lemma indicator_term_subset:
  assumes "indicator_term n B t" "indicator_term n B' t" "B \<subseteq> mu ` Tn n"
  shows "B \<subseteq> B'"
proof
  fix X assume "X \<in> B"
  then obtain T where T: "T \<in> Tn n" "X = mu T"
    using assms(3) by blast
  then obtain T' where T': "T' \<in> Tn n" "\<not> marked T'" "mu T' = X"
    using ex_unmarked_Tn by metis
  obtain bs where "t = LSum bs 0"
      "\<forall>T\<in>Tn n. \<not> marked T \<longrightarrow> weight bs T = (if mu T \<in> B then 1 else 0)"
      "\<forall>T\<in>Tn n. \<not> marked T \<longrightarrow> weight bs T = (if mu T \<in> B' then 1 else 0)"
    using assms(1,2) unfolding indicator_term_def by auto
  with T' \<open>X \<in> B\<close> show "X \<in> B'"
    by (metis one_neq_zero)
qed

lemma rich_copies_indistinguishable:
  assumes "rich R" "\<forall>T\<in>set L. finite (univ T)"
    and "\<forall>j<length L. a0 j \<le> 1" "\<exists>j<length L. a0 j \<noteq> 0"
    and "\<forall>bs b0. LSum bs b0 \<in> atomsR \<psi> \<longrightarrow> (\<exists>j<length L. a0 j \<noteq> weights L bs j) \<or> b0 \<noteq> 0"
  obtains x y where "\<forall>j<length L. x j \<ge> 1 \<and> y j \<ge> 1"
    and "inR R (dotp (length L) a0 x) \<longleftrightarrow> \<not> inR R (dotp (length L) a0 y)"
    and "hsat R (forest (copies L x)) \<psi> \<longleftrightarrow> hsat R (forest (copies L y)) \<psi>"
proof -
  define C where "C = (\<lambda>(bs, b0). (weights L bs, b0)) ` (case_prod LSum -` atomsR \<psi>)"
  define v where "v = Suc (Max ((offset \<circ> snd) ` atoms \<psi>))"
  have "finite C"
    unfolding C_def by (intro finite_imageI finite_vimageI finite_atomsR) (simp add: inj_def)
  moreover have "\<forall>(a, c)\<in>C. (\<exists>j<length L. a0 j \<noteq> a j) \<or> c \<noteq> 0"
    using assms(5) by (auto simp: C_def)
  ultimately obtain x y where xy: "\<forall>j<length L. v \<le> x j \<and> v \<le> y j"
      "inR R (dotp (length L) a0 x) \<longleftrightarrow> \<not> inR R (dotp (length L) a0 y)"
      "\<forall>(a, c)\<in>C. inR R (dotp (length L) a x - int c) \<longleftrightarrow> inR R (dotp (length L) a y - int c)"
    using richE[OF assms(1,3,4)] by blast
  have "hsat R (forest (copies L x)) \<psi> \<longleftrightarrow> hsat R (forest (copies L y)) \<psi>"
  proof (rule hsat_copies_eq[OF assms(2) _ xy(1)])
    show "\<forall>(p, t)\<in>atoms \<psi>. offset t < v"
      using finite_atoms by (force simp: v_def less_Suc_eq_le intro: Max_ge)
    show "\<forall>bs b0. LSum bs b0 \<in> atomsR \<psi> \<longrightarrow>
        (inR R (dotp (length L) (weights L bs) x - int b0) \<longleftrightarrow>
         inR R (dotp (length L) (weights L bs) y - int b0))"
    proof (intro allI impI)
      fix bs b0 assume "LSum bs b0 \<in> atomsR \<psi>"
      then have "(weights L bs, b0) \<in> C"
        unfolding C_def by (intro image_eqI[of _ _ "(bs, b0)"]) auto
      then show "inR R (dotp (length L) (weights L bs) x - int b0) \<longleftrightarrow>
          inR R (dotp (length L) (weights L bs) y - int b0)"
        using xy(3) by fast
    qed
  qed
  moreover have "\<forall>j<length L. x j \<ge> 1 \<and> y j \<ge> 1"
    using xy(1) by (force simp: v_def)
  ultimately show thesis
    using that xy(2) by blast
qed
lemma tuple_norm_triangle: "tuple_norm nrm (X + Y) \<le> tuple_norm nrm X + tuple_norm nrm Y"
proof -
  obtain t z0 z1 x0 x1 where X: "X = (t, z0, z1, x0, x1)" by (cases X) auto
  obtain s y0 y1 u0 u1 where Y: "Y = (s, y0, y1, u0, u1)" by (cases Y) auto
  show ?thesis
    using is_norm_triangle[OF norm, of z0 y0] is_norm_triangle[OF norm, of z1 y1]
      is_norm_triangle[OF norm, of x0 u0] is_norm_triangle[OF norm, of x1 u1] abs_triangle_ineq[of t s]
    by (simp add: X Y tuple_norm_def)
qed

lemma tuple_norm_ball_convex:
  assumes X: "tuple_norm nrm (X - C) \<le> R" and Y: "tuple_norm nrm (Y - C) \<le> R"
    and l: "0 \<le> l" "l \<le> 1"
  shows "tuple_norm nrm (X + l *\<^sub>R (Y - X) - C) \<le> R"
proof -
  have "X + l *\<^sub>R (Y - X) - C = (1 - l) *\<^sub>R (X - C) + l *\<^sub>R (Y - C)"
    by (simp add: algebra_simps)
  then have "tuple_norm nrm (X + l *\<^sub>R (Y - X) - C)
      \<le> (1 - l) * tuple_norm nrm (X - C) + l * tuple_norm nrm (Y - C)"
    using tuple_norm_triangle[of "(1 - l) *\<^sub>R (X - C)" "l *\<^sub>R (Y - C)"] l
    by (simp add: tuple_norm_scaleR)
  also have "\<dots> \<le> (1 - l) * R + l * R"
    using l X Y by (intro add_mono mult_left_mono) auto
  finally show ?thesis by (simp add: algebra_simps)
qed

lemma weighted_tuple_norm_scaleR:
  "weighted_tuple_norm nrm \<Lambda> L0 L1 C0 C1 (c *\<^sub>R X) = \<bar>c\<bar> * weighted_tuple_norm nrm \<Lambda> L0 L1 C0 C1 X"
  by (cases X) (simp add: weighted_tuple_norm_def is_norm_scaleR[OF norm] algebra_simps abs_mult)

◆ **What is required**: Each line in the listing above that contains "shows" should be copied.

◆ **Exercise result**:
  shows "B \<subseteq> B'"
  shows "tuple_norm nrm (X + l *\<^sub>R (Y - X) - C) \<le> R"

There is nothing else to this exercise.